Take the line with "using crossing[OF inside(1)" and every line after it in the data. Transcribe them exactly, through the last.

****************************************

lemma obtain_maximal_path:
  assumes "{a, b} \<in> C" and "a \<noteq> b" and "finite (\<Union>C)"
  obtains vs where "distinct vs" "path_edges vs \<subseteq> C" "2 \<le> length vs"
    "\<And>w. w \<notin> set vs \<Longrightarrow> {last vs, w} \<notin> C"
proof -
  define is_path where "is_path vs \<longleftrightarrow> distinct vs \<and> path_edges vs \<subseteq> C \<and> 2 \<le> length vs" for vs
  have "is_path [a, b]"
    unfolding is_path_def using assms(1,2) by simp
  moreover have "length vs < Suc (card (\<Union>C))" if "is_path vs" for vs
  proof -
    have "set vs \<subseteq> \<Union>C"
      using that Union_path_edges unfolding is_path_def by blast
    then have "card (set vs) \<le> card (\<Union>C)"
      using card_mono[OF assms(3)] by blast
    then show ?thesis
      using that distinct_card unfolding is_path_def by fastforce
  qed
  ultimately obtain vs where vs: "is_path vs" and longest: "\<And>ws. is_path ws \<Longrightarrow> length ws \<le> length vs"
    using ex_has_greatest_nat[of is_path "[a, b]" length "Suc (card (\<Union>C))"] by metis
  have "{last vs, w} \<notin> C" if "w \<notin> set vs" for w
  proof
    assume "{last vs, w} \<in> C"
    moreover have "vs \<noteq> []"
      using vs unfolding is_path_def by auto
    ultimately have "is_path (vs @ [w])"
      using vs that path_edges_append[of vs "[w]"] unfolding is_path_def by auto
    then show False
      using longest by fastforce
  qed
  then show ?thesis
    using that vs unfolding is_path_def by blast
qed

lemma cycle_graph_obtain_cycle_edges:
  assumes "cycle_graph n C"
  obtains vs where "distinct vs" "set vs = {1..n}" "3 \<le> length vs" "C = cycle_edges vs"
proof -
  have cycle: "is_cycle_on {1..n} C"
    using assms unfolding cycle_graph_def by simp
  then have C: "\<Union>C = {1..n}" "\<forall>e\<in>C. card e = 2" "\<forall>v\<in>\<Union>C. degree C v = 2" "C \<noteq> {}"
    unfolding is_cycle_on_def by auto
  obtain a b where ab: "{a, b} \<in> C" "a \<noteq> b"
    using C(2,4) by (metis card_2_iff ex_in_conv)
  have "finite (\<Union>C)"
    using C(1) by simp
  then obtain vs where vs: "distinct vs" "path_edges vs \<subseteq> C" "2 \<le> length vs"
    and maximal: "\<And>w. w \<notin> set vs \<Longrightarrow> {last vs, w} \<notin> C"
    using obtain_maximal_path[OF ab] by blast
  have closes: "{last vs, hd vs} \<in> C" and len: "3 \<le> length vs"
    using maximal_path_closes[OF C(3,2) vs maximal] by blast+
  have "vs \<noteq> []"
    using len by auto
  have "cycle_edges vs = C"
  proof (rule is_cycle_on_subgraph_eq[OF cycle])
    show "cycle_edges vs \<subseteq> C" "cycle_edges vs \<noteq> {}"
      using vs(2) closes by (auto simp: cycle_edges_conv_path_edges[OF \<open>vs \<noteq> []\<close>])
    show "\<forall>v\<in>\<Union>(cycle_edges vs). degree (cycle_edges vs) v = 2"
      using degree_cycle_edges[OF vs(1) len] unfolding Union_cycle_edges[OF \<open>vs \<noteq> []\<close>] by blast
  qed
  moreover have "set vs = {1..n}"
    using Union_cycle_edges[OF \<open>vs \<noteq> []\<close>] C(1) calculation by simp
  ultimately show ?thesis
    using that vs(1) len by blast
qed

lemma reverse_segment_two_switch:
  fixes p q r :: "nat list"
  defines "A \<equiv> (last p, hd q, last q, hd (r @ [hd p]))"
  assumes dist: "distinct (p @ q @ r)" and "p \<noteq> []" and "2 \<le> length q"
    and nondegenerate: "r \<noteq> [] \<or> 2 \<le> length p"
  shows "interchangeable (cycle_edges (p @ q @ r)) A"
    and "two_switch A (cycle_edges (p @ q @ r)) = cycle_edges (p @ rev q @ r)"
proof -
  define R where "R = r @ [hd p]"
  define a b c d where "a = last p" and "b = hd q" and "c = last q" and "d = hd R"
  have A: "A = (a, b, c, d)"
    unfolding A_def a_def b_def c_def d_def R_def ..
  have "q \<noteq> []"
    using \<open>2 \<le> length q\<close> by auto
  have q_disjoint: "set q \<inter> set p = {}" "set q \<inter> set R = {}"
    using dist \<open>p \<noteq> []\<close> unfolding R_def by (auto dest: hd_in_set)
  have "a \<in> set p" "d \<in> set R"
    using \<open>p \<noteq> []\<close> unfolding a_def d_def R_def by (auto simp: hd_append)
  then have inside: "b \<in> set q" "c \<in> set q" and outside: "a \<notin> set q" "d \<notin> set q"
    using \<open>q \<noteq> []\<close> q_disjoint unfolding b_def c_def by auto
  have "b \<noteq> c"
    using dist \<open>2 \<le> length q\<close> distinct_hd_neq_last[of q] unfolding b_def c_def by simp
  have "a \<noteq> d"
  proof (cases r)
    case Nil
    then show ?thesis
      using dist nondegenerate distinct_hd_neq_last[of p] unfolding a_def d_def R_def by auto
  next
    case (Cons x xs)
    then show ?thesis
      using dist \<open>p \<noteq> []\<close> unfolding a_def d_def R_def by auto
  qed
  define X where "X = path_edges p \<union> path_edges q \<union> path_edges R"
  \<comment> \<open>every edge of X lies within p, q or R, so none joins q to its complement\<close>
  have crossing: "{x, y} \<notin> X" if "x \<in> set q" "y \<notin> set q" for x y
    using that q_disjoint path_edges_subset unfolding X_def by blast
  have old: "cycle_edges (p @ q @ r) = X \<union> {{a, b}, {c, d}}"
    unfolding cycle_edges_def X_def a_def b_def c_def d_def R_def
    using \<open>p \<noteq> []\<close> \<open>q \<noteq> []\<close> by (simp add: path_edges_append Un_ac insert_commute)
  have new: "cycle_edges (p @ rev q @ r) = X \<union> {{a, c}, {b, d}}"
    unfolding cycle_edges_def X_def a_def b_def c_def d_def R_def
    using \<open>p \<noteq> []\<close> \<open>q \<noteq> []\<close>
    by (simp add: path_edges_append path_edges_rev hd_rev last_rev Un_ac insert_commute)
  have "{a, b} \<notin> X" "{c, d} \<notin> X" "{a, c} \<notin> X" "{b, d} \<notin> X"
    using crossing[OF inside(1) outside(1)] crossing[OF inside(2) outside(2)]
      crossing[OF inside(2) outside(1)] crossing[OF inside(1) outside(2)]
    by (simp_all add: insert_commute)
  then show "interchangeable (cycle_edges (p @ q @ r)) A"
    unfolding A interchangeable_def old
    using inside outside \<open>b \<noteq> c\<close> \<open>a \<noteq> d\<close> by (auto simp: doubleton_eq_iff)
  then show "two_switch A (cycle_edges (p @ q @ r)) = cycle_edges (p @ rev q @ r)"
    unfolding two_switch_def A new
    using old \<open>{a, b} \<notin> X\<close> \<open>{c, d} \<notin> X\<close> by (auto simp: A)
qed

****************************************

Finished task:
    using crossing[OF inside(1) outside(1)] crossing[OF inside(2) outside(2)]
      crossing[OF inside(2) outside(1)] crossing[OF inside(1) outside(2)]
    by (simp_all add: insert_commute)
  then show "interchangeable (cycle_edges (p @ q @ r)) A"
    unfolding A interchangeable_def old
    using inside outside \<open>b \<noteq> c\<close> \<open>a \<noteq> d\<close> by (auto simp: doubleton_eq_iff)
  then show "two_switch A (cycle_edges (p @ q @ r)) = cycle_edges (p @ rev q @ r)"
    unfolding two_switch_def A new
    using old \<open>{a, b} \<notin> X\<close> \<open>{c, d} \<notin> X\<close> by (auto simp: A)
qed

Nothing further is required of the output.